In the long run, this approach might not be noticeably faster or easier than what you may have been planning on or looking for, but it won't be much slower either, I think, and you'll be on a more direct path to a more satisfying solution -- in fact, given that templates support loop structures for tables like this, you'll have a better head start on migrating to a proper template.

It was probably kind of you not to show an example of the "long and nested if/else chains", but I would expect that these may also be the result of the same copy/paste style, so my first instinct, again, would be to work out the loop that should replace all the duplicated code blocks.

Update: I just saw your reply about the total size of the problem -- and I can appreciate your point about needing some automation. Sadly, there's no magic bullet -- an alleged programmer (or team of stooges) dense enough to waste all the time it must have taken to generate that many lines of redundant code, will likely have done other things that are equally stupid (in imaginatively different ways), which you'll only discover as you slog through it block by block.

But some "heuristic short-cuts" could be helpful... use perl to grep through the code for the blocks that will need similar forms of treatment:

# print line numbers and code for blocks of "$x.=blah":

perl -ne 'if(/^\s*(\$\w+)\s*\.=/){
  if($1 ne $prv) {print "\n"; $prv=$1}
  printf "%5d: %s",$.,$_;}' monter.pl > bad_blocks.list
[download]

You can apply other filters to the output of that, if you like, conditioning things as needed to make the transitions and refactoring easier, though the filtering may need to differ from one block to the next.

Another technique that could help for locating the worst cases of copy/paste excess:

perl -lpe 's/\#.*//; s/^\s+//; s/\s+$//; s/\s+/ /g; $_.="\t$." if $_' 
+monster.pl |
  perl -lne '($c,$n)=split /\t/; push @{$h{$c}},$n;
    END { print join("\t",$_,
                     scalar @{$h{$c}},
                     join(",",@{$h{$_}}))
             for (sort keys %h)
        } > line.histogram
[download]

(updated the beginning one-liner here, so empty/comment lines aren't counted.)

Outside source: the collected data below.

(* Let $\mathbb X$ be a basic space and $\mathcal D=(D,<,\rho)$ a computable partially ordered set. 1. Every $F\in\mathrm{Max}_{\mathrm{PR}}[\mathbb X\to\mathcal D]$ is of the form $F=\max^{\mathcal D}f$ for some partial computable $f:\mathbb X\times\mathbb N\to D$, monotone increasing in its second argument, such that $\mathrm{dom}(f)=Z\times\mathbb N$ for some $\Sigma^0_1$ (computably enumerable) set $Z\subseteq\mathbb X$. 2. If moreover $F\in\mathrm{Max}_{\mathrm{PR}}[\mathbb X\to\mathcal D]$ has $\Sigma^0_1$ domain, then one can take $Z=\mathrm{dom}(F)$.
   Context: A basic space is a finite non-empty product of sets each of which is $\mathbb N$, $\mathbb Z$, or $A^*$ for some finite alphabet $A$. A computable partially ordered set is a triple $\mathcal D=(D,<,\rho)$ where $\rho:\mathbb N\to D$ is a bijection and $<$ is a strict partial order on $D$ with $\{(m,n):\rho(m)<\rho(n)\}$ computable; a partial function into $D$ is partial computable if its composition with $\rho^{-1}$ is. For a partial $f:\mathbb X\times\mathbb N\to D$ monotone increasing in its second argument on its domain, $\max^{\mathcal D}f$ is the partial function defined exactly at those $x$ for which $\{f(x,t):t,\ f(x,t)\text{ defined}\}$ is finite and non-empty, with value its maximum element. $\mathrm{Max}_{\mathrm{PR}}[\mathbb X\to\mathcal D]$ is the class of all $\max^{\mathcal D}f$ with $f$ partial computable and monotone increasing in its second argument. *)

theory Defs
  imports Main "HOL-Library.Nat_Bijection"
begin

datatype recf = Zero | Succ | Proj nat | Comp recf "recf list" | Prim recf recf | Mini recf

That will give you an idea of how many times each line of code has been copied throughout the script (and what the line numbers are). And with the lines sorted ascii-betically, it may be easier to see what needs to be done to rectify things, because similar lines will be grouped together. For example, you could try something like this on the line.histogram output:

perl -lpe '($c,$lines)=split /\t/;
  if($lc and $c){ $d=$c^$lc; $sc=$d=~y/\x0/#/;}
  $lc=$c; s/^/$sc\t/' line.histgram > line.similarity
[download]

That uses the "^" (binary XOR) operator on two consecutive lines of code, and reports the number of identical characters (which come out as null bytes from the XOR). The comparison isn't entirely reliable as a scoring device, but for the kind of code block you've shown, it will prepend a big-enough number to the consecutive lines so that they will stand out (e.g. look for lines where the initial integer value is, say, greater than 10, meaning that at least the first 11 or more characters are identical to the previous line).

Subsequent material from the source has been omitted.